PRIX EUROPA – The European Broadcasting Festival – is the Europe's largest annual tri-medial festival and competition. The event takes place in the third week of October in Berlin, Germany.

PRIX EUROPA awards the best European Television, Radio and Online productions each year with the aim of publishing them throughout Europe and supporting their continental distribution and use.  The festival calls on media professionals to compete against each other with their best productions.

The festival is hosted by the German broadcaster Rundfunk Berlin-Brandenburg (RBB).

History
Set up by the Council of Europe and the European Cultural Foundation in 1987 it now has the backing of 30 partners – including institutions like the European Parliament, the European Broadcasting Union (EBU), the European Alliance for Television and Culture, the Land Berlin, the Land Brandenburg, the Rundfunk Berlin-Brandenburg (RBB), the Medienanstalt Berlin-Brandenburg, the Medienboard Berlin-Brandenburg, and the following European broadcasters:

ARTE, BBC Radio, Danish Broadcasting Company, Dutch Public Service Broadcaster, France Télévisions, Magyar Televízió, Norsk rikskringkasting, Österreichischer Rundfunk, Radio Télévision Belge Francophone, Raidió Teilifís Éireann, Radio Russia, SRG SSR, Sveriges Radio, Sveriges Television, Swedish Educational Broadcasting Company, Telewizja Polska S.A., Vlaamse Radio- en Televisieomroeporganisatie, Yleisradio, Zweites Deutsches Fernsehen, Česká televize, Deutschlandradio

In 1997, the Prix Futura Berlin, which had been launched in 1969, and the PRIX EUROPA merged turning the festival to support both television and radio productions. And additionally in 2000 the Dutch PRIX IRIS amalgamated with
PRIX EUROPA awarding the “Best European TV Programme of the Year about Cultural Diversity”.

Starting 2001, the online media has been represented with the award “The Best European Online Project of the Year “ and from 2016 onwards the Online Category productions will also be awarded with an honorary prize open to the entire PRIX EUROPA community via a web-based voting platform.

During the festival week, several broadcasting relevant special events are held for participants to the larger public together with local institutions and embassies.

PRIX EUROPA Categories 2018 
PRIX EUROPA's competition is held in several television, radio and online categories.

PRIX EUROPA distinguishes itself by its unique juries open to all programme makers across the continent. All competition entries are assessed and evaluated in a public and open debate. This transparent process makes PRIX Europa a first-class training platform and a multinational market place.

TELEVISION CATEGORIES:

TV Documentary
 Television documentaries up to 90 minutes.

TV Fiction 
 TV movies and mini-series
 TV fiction series and serials

The Current Affairs
 Journalistic research programs focusing on in-depth information and investigative journalism.

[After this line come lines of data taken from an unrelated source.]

text \<open>The hypothesis \<open>s_F\<close> (each \<open>s\<^sub>i\<close> exposes a proper face) is what makes the reduction
  meaningful, but neither claim depends on it.\<close>

theorem lemma8:
  fixes K :: "'e::euclidean_space set"
    and A :: "real^'m \<Rightarrow> 'e" and b :: "real^'m" and c :: "'e"
    and s :: "nat \<Rightarrow> 'e" and N :: nat
  assumes K: "closed K" "convex_cone K"
    and A: "linear A"
    and s_c: "\<And>i. i < N \<Longrightarrow> c \<bullet> s i = 0"
    and s_A: "\<And>i. i < N \<Longrightarrow> adjoint A (s i) = 0"
    and s_F: "\<And>i. i < N \<Longrightarrow>
               s i \<in> dual_cone (face_seq K s i) - orthogonal_comp (span (face_seq K s i))"
  shows "(\<forall>x. (\<forall>i<N. closed {u + v | u v. u \<in> dual_cone (face_seq K s i) \<and> v \<in> span {s i}})
             \<and> dual_opt (face_seq K s N) A b c x
           \<longrightarrow> \<not> recovery_fails K s N x
               \<and> (\<exists>x'. recovery_output K s N x x')
               \<and> (\<forall>x'. recovery_output K s N x x' \<longrightarrow> dual_opt K A b c x'))
         \<and> (\<forall>x y. primal_opt (face_seq K s N) A b c y \<and> dual_opt (face_seq K s N) A b c x
             \<and> c \<bullet> x = b \<bullet> y \<and> (\<exists>x'. recovery_output K s N x x')
           \<longrightarrow> (\<exists>y' x'. primal_opt K A b c y' \<and> dual_opt K A b c x' \<and> c \<bullet> x' = b \<bullet> y'))"
proof -
  have recovery: "\<not> recovery_fails K s N x \<and> (\<exists>x'. recovery_output K s N x x')
      \<and> (\<forall>x'. recovery_output K s N x x' \<longrightarrow> dual_opt K A b c x')"
    if "\<forall>i<N. closed {u + v | u v. u \<in> dual_cone (face_seq K s i) \<and> v \<in> span {s i}}"
      and x: "dual_opt (face_seq K s N) A b c x" for x
  proof -
    have "\<not> recovery_fails K s N x"
      using that recovery_never_fails[OF K] by (simp add: dual_opt_def)
    moreover have "dual_opt K A b c x'" if "recovery_output K s N x x'" for x'
    proof -
      have "x' \<in> dual_cone K" "adjoint A x' = b" "c \<bullet> x' = c \<bullet> x"
        using recovery_output_feasible[OF that _ A s_c s_A] x by (auto simp: dual_opt_def)
      then show ?thesis
        by (rule dual_opt_if_relaxation_value[OF face_seq_subset x])
    qed
    ultimately show ?thesis
      using recovery_output_if_not_fails by blast
  qed
  have strong_duality: "\<exists>y' x'. primal_opt K A b c y' \<and> dual_opt K A b c x' \<and> c \<bullet> x' = b \<bullet> y'"
    if y: "primal_opt (face_seq K s N) A b c y" and x: "dual_opt (face_seq K s N) A b c x"
      and "c \<bullet> x = b \<bullet> y" and "recovery_output K s N x x'" for x y x'
  proof -
    have "x' \<in> dual_cone K" "adjoint A x' = b" "c \<bullet> x' = b \<bullet> y"
      using that recovery_output_feasible[OF _ _ A s_c s_A] by (auto simp: dual_opt_def)
    moreover have "c - A y \<in> K"
      using y face_seq_subset by (auto simp: primal_opt_def)
    ultimately show ?thesis
      using optimal_if_objectives_equal[OF A] by blast
  qed
  show ?thesis
    using recovery strong_duality by blast
qed

end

TV Iris Category – Under the Patronage of the Dutch Puclic Broadcaster – NTR
 An incentive for programme practitioners to devote their attention to the ethnic diversity aspect of European societies. Programmes can be fiction or documentaries, children or entertainment programmes that have “cultural diversity” as central theme.

PRIX GENEVE – European Alliance for Television and Culture – EATC
 The most innovation scripts of already produced television fiction programs written by newcomers.

RADIO CATEGORIES:

Radio Documentary 
 Single radio documentaries.

Radio Current Affairs
 Journalistic research programmes focusing on in-depth information and investigative journalism.

Radio Fiction
 Single radio drama programmes and episodes from series and serials.

Radio Music
 This category stands for innovation of programmes about music. It is looking for new ways of communicating music to audiences.

Digital Audio
 This new category aims to recognise the most creative audio presented on digital platforms. The jury will take into account the way the audio has been visualised for digital platforms, together with the impact and reach generated by social media and other digital syndication.

ONLINE CATEGORY:

Online Category
 Cross-platform projects, Web-based productions and Apps.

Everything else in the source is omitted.